**** Record extracts ****

(* Let $(A, b, c)$ be a $k$-level LP instance such that, except for the last ($k$-th) player's problem, there are no linear constraints (i.e., $m_l = 0$ for all $l = 1, \ldots, k-1$; all linear constraints appear only in the $k$-th player's problem). Then, for any $\lambda \in \mathbb{R}$ with $\lambda > 0$, the feasible set of the instance $(A, \lambda b, c)$ equals $\lambda$ times the feasible set of the instance $(A, b, c)$.
   Context: A $k$-level LP instance $(A,b,c)$ has data $A_{li} \in \mathbb{Q}^{m_l \times n_i}$, $b_l \in \mathbb{Q}^{m_l}$, $c_{li} \in \mathbb{Q}^{n_i}$. Player $l$ chooses $x_l \in \mathbb{R}^{n_l}$ after players $1,\ldots,l-1$. The $l$-th player's problem, given $x_1,\ldots,x_{l-1}$, is $\inf_{x_l,\ldots,x_k}\{\sum_{i=l}^k c_{li}^\top x_i : \sum_{i=1}^k A_{li}x_i \ge b_l,\ (x_{l+1},\ldots,x_k) \in \mathcal{S}(\text{problem of player } l+1 \text{ given } x_1,\ldots,x_l)\}$, and the $k$-th player's problem is $\inf_{x_k}\{c_{kk}^\top x_k : \sum_{i=1}^k A_{ki}x_i \ge b_k\}$. The instance is identified with the first player's problem; its feasible set is the set of feasible $(x_1,\ldots,x_k)$ of the first player's problem. $\mathcal{S}(\cdot)$ denotes the optimal solution set (optimistic setting). *)

theory Defs
  imports Complex_Main
begin

text \<open>Levels are numbered 1..k.
  n i : dimension of player i's variable x_i; m l : number of rows of player l's constraints.
  A l i r j : entry (r,j) of the block A_{li}  (r < m l, j < n i).
  b l r     : entry r of b_l.
  c l i j   : entry j of c_{li}.
  A joint decision (x_1,...,x_k) is a function x with x i j = entry j of x_i;
  all entries outside 1 \<le> i \<le> k, j < n i are required to be 0.\<close>

definition lp_points :: "(nat \<Rightarrow> nat) \<Rightarrow> nat \<Rightarrow> (nat \<Rightarrow> nat \<Rightarrow> real) set" where
  "lp_points n k = {x. \<forall>i j. (i < 1 \<or> k < i \<or> n i \<le> j) \<longrightarrow> x i j = 0}"

definition lp_cons ::
  "(nat \<Rightarrow> nat \<Rightarrow> nat \<Rightarrow> nat \<Rightarrow> real) \<Rightarrow> (nat \<Rightarrow> nat \<Rightarrow> real) \<Rightarrow> (nat \<Rightarrow> nat) \<Rightarrow> (nat \<Rightarrow> nat)
    \<Rightarrow> nat \<Rightarrow> nat \<Rightarrow> (nat \<Rightarrow> nat \<Rightarrow> real) \<Rightarrow> bool" where
  "lp_cons A b n m k l x =
     (\<forall>r < m l. (\<Sum>i = 1..k. \<Sum>j < n i. A l i r j * x i j) \<ge> b l r)"

definition lp_obj ::
  "(nat \<Rightarrow> nat \<Rightarrow> nat \<Rightarrow> real) \<Rightarrow> (nat \<Rightarrow> nat) \<Rightarrow> nat \<Rightarrow> nat \<Rightarrow> (nat \<Rightarrow> nat \<Rightarrow> real) \<Rightarrow> real" where
  "lp_obj c n k l x = (\<Sum>i = l..k. \<Sum>j < n i. c l i j * x i j)"

definition lp_agree :: "nat \<Rightarrow> (nat \<Rightarrow> nat \<Rightarrow> real) \<Rightarrow> (nat \<Rightarrow> nat \<Rightarrow> real) \<Rightarrow> bool" where
  "lp_agree l x y = (\<forall>i < l. x i = y i)"

text \<open>lp_opt ... d x: the tail (x_l,...,x_k) of x, with l = k - d, is an optimal solution
  (optimistic setting) of player l's problem given x_1,...,x_{l-1}.\<close>
primrec lp_opt ::
  "(nat \<Rightarrow> nat \<Rightarrow> nat \<Rightarrow> nat \<Rightarrow> real) \<Rightarrow> (nat \<Rightarrow> nat \<Rightarrow> real) \<Rightarrow> (nat \<Rightarrow> nat \<Rightarrow> nat \<Rightarrow> real)
    \<Rightarrow> (nat \<Rightarrow> nat) \<Rightarrow> (nat \<Rightarrow> nat) \<Rightarrow> nat \<Rightarrow> nat \<Rightarrow> (nat \<Rightarrow> nat \<Rightarrow> real) \<Rightarrow> bool" where
  "lp_opt A b c n m k 0 x =
     (x \<in> lp_points n k \<and> lp_cons A b n m k k x \<and>
      (\<forall>y \<in> lp_points n k. lp_agree k x y \<and> lp_cons A b n m k k y
          \<longrightarrow> lp_obj c n k k x \<le> lp_obj c n k k y))"
| "lp_opt A b c n m k (Suc d) x =
     (let l = k - Suc d;
          F = (\<lambda>z. z \<in> lp_points n k \<and> lp_cons A b n m k l z \<and> lp_opt A b c n m k d z)
      in F x \<and> (\<forall>y. lp_agree l x y \<and> F y \<longrightarrow> lp_obj c n k l x \<le> lp_obj c n k l y))"

text \<open>Feasible set of the instance = feasible set of player 1's problem.\<close>
definition lp_feasible ::
  "(nat \<Rightarrow> nat \<Rightarrow> nat \<Rightarrow> nat \<Rightarrow> real) \<Rightarrow> (nat \<Rightarrow> nat \<Rightarrow> real) \<Rightarrow> (nat \<Rightarrow> nat \<Rightarrow> nat \<Rightarrow> real)
    \<Rightarrow> (nat \<Rightarrow> nat) \<Rightarrow> (nat \<Rightarrow> nat) \<Rightarrow> nat \<Rightarrow> (nat \<Rightarrow> nat \<Rightarrow> real) set" where
  "lp_feasible A b c n m k =
     {x \<in> lp_points n k. lp_cons A b n m k 1 x \<and> (2 \<le> k \<longrightarrow> lp_opt A b c n m k (k - 2) x)}"

end

theory Submission
  imports Defs
begin

text \<open>The map \<open>x \<mapsto> \<lambda> x\<close> is a bijection of decision vectors which carries every player's
  constraint set for \<open>b\<close> onto the one for \<open>\<lambda> b\<close> and multiplies every objective by \<open>\<lambda> > 0\<close>.
  Hence it preserves optimality, level by level from the last player upwards.\<close>

definition lp_scale :: "real \<Rightarrow> (nat \<Rightarrow> nat \<Rightarrow> real) \<Rightarrow> nat \<Rightarrow> nat \<Rightarrow> real" where
  "lp_scale lam x = (\<lambda>i j. lam * x i j)"

lemma surj_all_iff: "surj f \<Longrightarrow> (\<forall>y. P y) \<longleftrightarrow> (\<forall>x. P (f x))"
  by (metis surjD)

lemma surj_image_eqI:
  assumes "surj f" and "\<And>x. f x \<in> T \<longleftrightarrow> x \<in> S"
  shows "T = f ` S"
  using assms by (auto, metis imageI surjD)

lemma lp_scale_inverse: "lam \<noteq> 0 \<Longrightarrow> lp_scale lam (lp_scale (1 / lam) x) = x"
  by (simp add: lp_scale_def)

lemma surj_lp_scale: "lam \<noteq> 0 \<Longrightarrow> surj (lp_scale lam)"
  by (metis lp_scale_inverse surjI)

lemma lp_points_scale_iff:
  "lam \<noteq> 0 \<Longrightarrow> lp_scale lam x \<in> lp_points n k \<longleftrightarrow> x \<in> lp_points n k"
  by (simp add: lp_scale_def lp_points_def)

lemma lp_agree_scale_iff:
  "lam \<noteq> 0 \<Longrightarrow> lp_agree l (lp_scale lam x) (lp_scale lam y) \<longleftrightarrow> lp_agree l x y"
  by (simp add: lp_agree_def lp_scale_def fun_eq_iff)

lemma lp_obj_scale: "lp_obj c n k l (lp_scale lam x) = lam * lp_obj c n k l x"
  by (simp add: lp_obj_def lp_scale_def sum_distrib_left algebra_simps)

lemma lp_cons_scale_iff:
  assumes "lam > 0"
  shows "lp_cons A (\<lambda>l r. lam * b l r) n m k l (lp_scale lam x) \<longleftrightarrow> lp_cons A b n m k l x"
proof -
  have "(\<Sum>i = 1..k. \<Sum>j < n i. A l i r j * lp_scale lam x i j)
      = lam * (\<Sum>i = 1..k. \<Sum>j < n i. A l i r j * x i j)" for r
    by (simp add: lp_scale_def sum_distrib_left algebra_simps)
  then show ?thesis
    using assms by (simp add: lp_cons_def)
qed

lemma lp_opt_scale_iff:
  assumes "lam > 0"
  shows "lp_opt A (\<lambda>l r. lam * b l r) c n m k d (lp_scale lam x) \<longleftrightarrow> lp_opt A b c n m k d x"
proof -
  have surj: "surj (lp_scale lam)"
    using assms by (simp add: surj_lp_scale)
  note scale_simps = lp_points_scale_iff lp_cons_scale_iff lp_obj_scale lp_agree_scale_iff
  show ?thesis
  proof (induction d arbitrary: x)
    case 0
    show ?case
      unfolding lp_opt.simps Ball_def
      by (subst surj_all_iff[OF surj]) (use assms in \<open>simp add: scale_simps\<close>)
  next
    case (Suc d)
    show ?case
      unfolding lp_opt.simps Let_def
      by (subst surj_all_iff[OF surj]) (use assms in \<open>simp add: Suc scale_simps\<close>)
  qed
qed

lemma lp_feasible_scale_iff:
  assumes "lam > 0"
  shows "lp_scale lam x \<in> lp_feasible A (\<lambda>l r. lam * b l r) c n m k \<longleftrightarrow> x \<in> lp_feasible A b c n m k"
  using assms by (simp add: lp_feasible_def lp_points_scale_iff lp_cons_scale_iff lp_opt_scale_iff)

theorem lemma3p2:
  fixes A :: "nat \<Rightarrow> nat \<Rightarrow> nat \<Rightarrow> nat \<Rightarrow> real"
    and b :: "nat \<Rightarrow> nat \<Rightarrow> real"
    and c :: "nat \<Rightarrow> nat \<Rightarrow> nat \<Rightarrow> real"
    and n m :: "nat \<Rightarrow> nat" and k :: nat and lam :: real
  assumes "1 \<le> k"
    and A_rat: "\<forall>l\<in>{1..k}. \<forall>i\<in>{1..k}. \<forall>r < m l. \<forall>j < n i. A l i r j \<in> \<rat>"
    and b_rat: "\<forall>l\<in>{1..k}. \<forall>r < m l. b l r \<in> \<rat>"
    and c_rat: "\<forall>l\<in>{1..k}. \<forall>i\<in>{l..k}. \<forall>j < n i. c l i j \<in> \<rat>"
    and no_upper_cons: "\<forall>l\<in>{1..<k}. m l = 0"
    and "lam > 0"
  shows "lp_feasible A (\<lambda>l r. lam * b l r) c n m k
           = (\<lambda>x. \<lambda>i j. lam * x i j) ` lp_feasible A b c n m k"
proof -
  have "lp_feasible A (\<lambda>l r. lam * b l r) c n m k = lp_scale lam ` lp_feasible A b c n m k"
    using \<open>lam > 0\<close> by (intro surj_image_eqI surj_lp_scale lp_feasible_scale_iff) auto
  moreover have "lp_scale lam = (\<lambda>x. \<lambda>i j. lam * x i j)"
    by (simp add: fun_eq_iff lp_scale_def)
  ultimately show ?thesis
    by simp
qed

end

****

--- What is needed ---
Your answer should be the lines of the records that hold the string "auto".

--- Answer space ---
  using assms by (auto, metis imageI surjD)
    using \<open>lam > 0\<close> by (intro surj_image_eqI surj_lp_scale lp_feasible_scale_iff) auto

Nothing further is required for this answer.